═════ DATA TO PROCESS

lemma sum_configs_ball_to_hole:
  "(\<Sum>(B, H)\<in>configs n (Suc Nb) Nh. \<Sum>b\<in>B. F (B - {b}) (insert b H))
     = (\<Sum>(B, H)\<in>configs n Nb (Suc Nh). \<Sum>h\<in>H. F B H)"
proof -
  let ?C = "configs n (Suc Nb) Nh" and ?C' = "configs n Nb (Suc Nh)"
  have [simp]: "X \<subseteq> {0..<n} \<Longrightarrow> finite X" for X
    by (rule finite_subset) auto
  have bij: "bij_betw (\<lambda>((B, H), b). ((B - {b}, insert b H), b)) (Sigma ?C fst) (Sigma ?C' snd)"
    by (rule bij_betw_byWitness[where f' = "\<lambda>((B, H), h). ((insert h B, H - {h}), h)"])
      (auto simp: configs_def card_insert_if)
  have "(\<Sum>(B, H)\<in>?C. \<Sum>b\<in>B. F (B - {b}) (insert b H))
      = (\<Sum>c\<in>?C. \<Sum>b\<in>fst c. F (fst c - {b}) (insert b (snd c)))"
    by (simp add: case_prod_unfold)
  also have "\<dots> = (\<Sum>(c, b)\<in>Sigma ?C fst. F (fst c - {b}) (insert b (snd c)))"
    by (rule sum.Sigma) (use finite_configs configs_finite in auto)
  also have "\<dots> = (\<Sum>(c, h)\<in>Sigma ?C' snd. F (fst c) (snd c))"
    using bij by (simp add: sum.reindex_bij_betw[symmetric] case_prod_unfold)
  also have "\<dots> = (\<Sum>c\<in>?C'. \<Sum>h\<in>snd c. F (fst c) (snd c))"
    by (rule sum.Sigma[symmetric]) (use finite_configs configs_finite in auto)
  finally show ?thesis by (simp add: case_prod_unfold)
qed

definition config_expect :: "nat \<Rightarrow> real \<Rightarrow> (nat set \<Rightarrow> real) \<Rightarrow> nat set \<Rightarrow> nat set \<Rightarrow> real" where
  "config_expect n p g B H = (\<Sum>xs\<in>orderings B. final_expect n p H xs g) / real (card (orderings B))"

definition golf_expect :: "nat \<Rightarrow> nat \<Rightarrow> nat \<Rightarrow> real \<Rightarrow> (nat set \<Rightarrow> real) \<Rightarrow> real" where
  "golf_expect n Nb Nh p g =
     (\<Sum>(B, H)\<in>configs n Nb Nh. config_expect n p g B H) / real (card (configs n Nb Nh))"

══════════

* TASK PROMPT: Using the records above, copy every line that has the word "definition" in it.

* WRITTEN SOLUTION:
definition config_expect :: "nat \<Rightarrow> real \<Rightarrow> (nat set \<Rightarrow> real) \<Rightarrow> nat set \<Rightarrow> nat set \<Rightarrow> real" where
definition golf_expect :: "nat \<Rightarrow> nat \<Rightarrow> nat \<Rightarrow> real \<Rightarrow> (nat set \<Rightarrow> real) \<Rightarrow> real" where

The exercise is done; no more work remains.